Что же касается внутренних культурных установок, то они продолжали основываться на истолкованном по-новому кодексе чес ти «Бусидо», служившим нравственным ориентиром каждому японцу. Массовое сознание опиралось на образ религиозной традиции, переформулированный интеллектуалами Мэйдзи. Верность самурая своему сюзерену истолковывалась как верность каждого японца императору и государству, а «самураями» теперь должно было стать всё население. Общим сюзереном объявлялся император, его подданные считались клетками «тела страны» (кокутай), полностью подчинённые интересам этого «тела». Верность императору на местах толковалась как верность рабочему коллективу.[156]
У населения формировался обновлённый образ традиционной Японии как прекрасной и процветающей страны. Всеми мерами поддерживалась решимость этого населения (в основном, крестьянского) воплощать в жизнь такой образ, жертвовать личными интересами в пользу общих. В этом нашла отражение и позиция правящих элит, считавших, что их личное благо неотделимо от блага государства. Разумеется, эстетический момент присутствовал и здесь. В частности, подчёркивалась невидимая красота японского духа, способного к самопожертвованию. Тут будет уместно вступить в полемику с французским исследователем Л. Фредериком.
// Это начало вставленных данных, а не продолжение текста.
(* Let $\mathcal{X}$ be a measurable space, $k:\mathcal{X}\times\mathcal{X}\to\mathbb{R}$ a measurable reproducing kernel with $|k(x,y)|\le1$ for all $x,y$, and $\{\mathbb{P}_\theta:\theta\in\Theta\}$ a family of Borel probability measures on $\mathcal{X}$. Let $\mathbb{P}^*_0$ be a Borel probability measure with $\inf_{\theta\in\Theta}\mathrm{MMD}(\mathbb{P}_\theta,\mathbb{P}^*_0)=0$. Fix $\alpha>0$, an integer $T\ge1$ and a Borel probability measure $\mathbb{F}$. For each $n$, let $x_1,\dots,x_n$ be i.i.d. $\mathbb{P}^*_0$ and let $\nu_n$ be the approximate posterior defined in the context. Then for any sequence of positive reals $M_n\to+\infty$ with $M_n n^{-1/2}\to0$, \[ \nu_n\Big(\mathbb{P}:\ \mathrm{MMD}(\mathbb{P}^*_0,\mathbb{P}_{\theta^*(\mathbb{P})})>\frac{M_n}{n^{1/2}}\Big)\longrightarrow0\quad(n\to\infty), \] where the convergence is in $L^1$, i.e. the expectation of the left-hand side with respect to $x_{1:n}\overset{\text{iid}}{\sim}\mathbb{P}^*_0$ tends to $0$.
   Context: For a Borel probability measure $\mathbb{P}$ on $\mathcal{X}$, $\mu_{\mathbb{P}}=\int k(x,\cdot)\,\mathbb{P}(dx)$ in the RKHS $\mathcal{H}_k$ of $k$, and $\mathrm{MMD}(\mathbb{P},\mathbb{Q})=\|\mu_{\mathbb{P}}-\mu_{\mathbb{Q}}\|_{\mathcal{H}_k}$. $\theta^*(\mathbb{P})$ denotes a minimiser in $\arg\inf_{\theta\in\Theta}\mathrm{MMD}^2(\mathbb{P},\mathbb{P}_\theta)$ (assumed to exist and chosen measurably). Given data $x_{1:n}$, $\nu_n$ is the law of the random measure $\mathbb{P}=\sum_{i=1}^n w_i\delta_{x_i}+\sum_{k=1}^T\tilde w_k\delta_{\tilde x_k}$ with $\tilde x_{1:T}$ i.i.d. $\mathbb{F}$, independent of $(w_1,\dots,w_n,\tilde w_1,\dots,\tilde w_T)\sim\mathrm{Dirichlet}(1,\dots,1,\tfrac{\alpha}{T},\dots,\tfrac{\alpha}{T})$ ($n$ ones, $T$ copies of $\alpha/T$). The quantity $\nu_n(\cdot)$ depends on the random data. *)

theory Defs
  imports "HOL-Probability.Probability"
begin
Он полагает, что реформы Мэйдзи «были проведены силами горстки политических деятелей, подчинявшихся интеллектуальной элите. Чтобы создать для себя иллюзию, будто они думают самостоятельно, эти люди безуспешно пытались (и им для этого требовалось мужество) с грехом пополам приспособить философские, религиозные и политические идеи Запада к японской действительности… Народу – производителю благ, выполняющему своё предназначение в обществе – оставалось только следовать прямым указаниям «сверху», принимая реформы и удобства, предлагаемые им (конечно, когда их не навязывали)».[157] На мой взгляд, позиция учёного не совсем верна. «Эти люди» осваивали интеллектуальное наследие Запада вовсе не «с грехом пополам», а с воодушевлённым восторгом, а часто и с любовью, без которой титанические объёмы информации были бы просто неподъёмны. Что же касается населения, то и его роль в модернизации страны была вовсе не пассивной. Тяга простых людей к знаниям, умело направляемая элитой, получила повсеместное распространение. Итогом стала поголовная грамотность населения страны к началу XX в., и в этом была обоюдная заслуга и правительства, и народа. Именно их синхронные действия в едином направлении – предмет восхищения и пример ценного опыта для любой страны, проводящей модернизацию. Этот опыт Японии ничуть не устарел до сих пор и нуждается в пристальном изучении.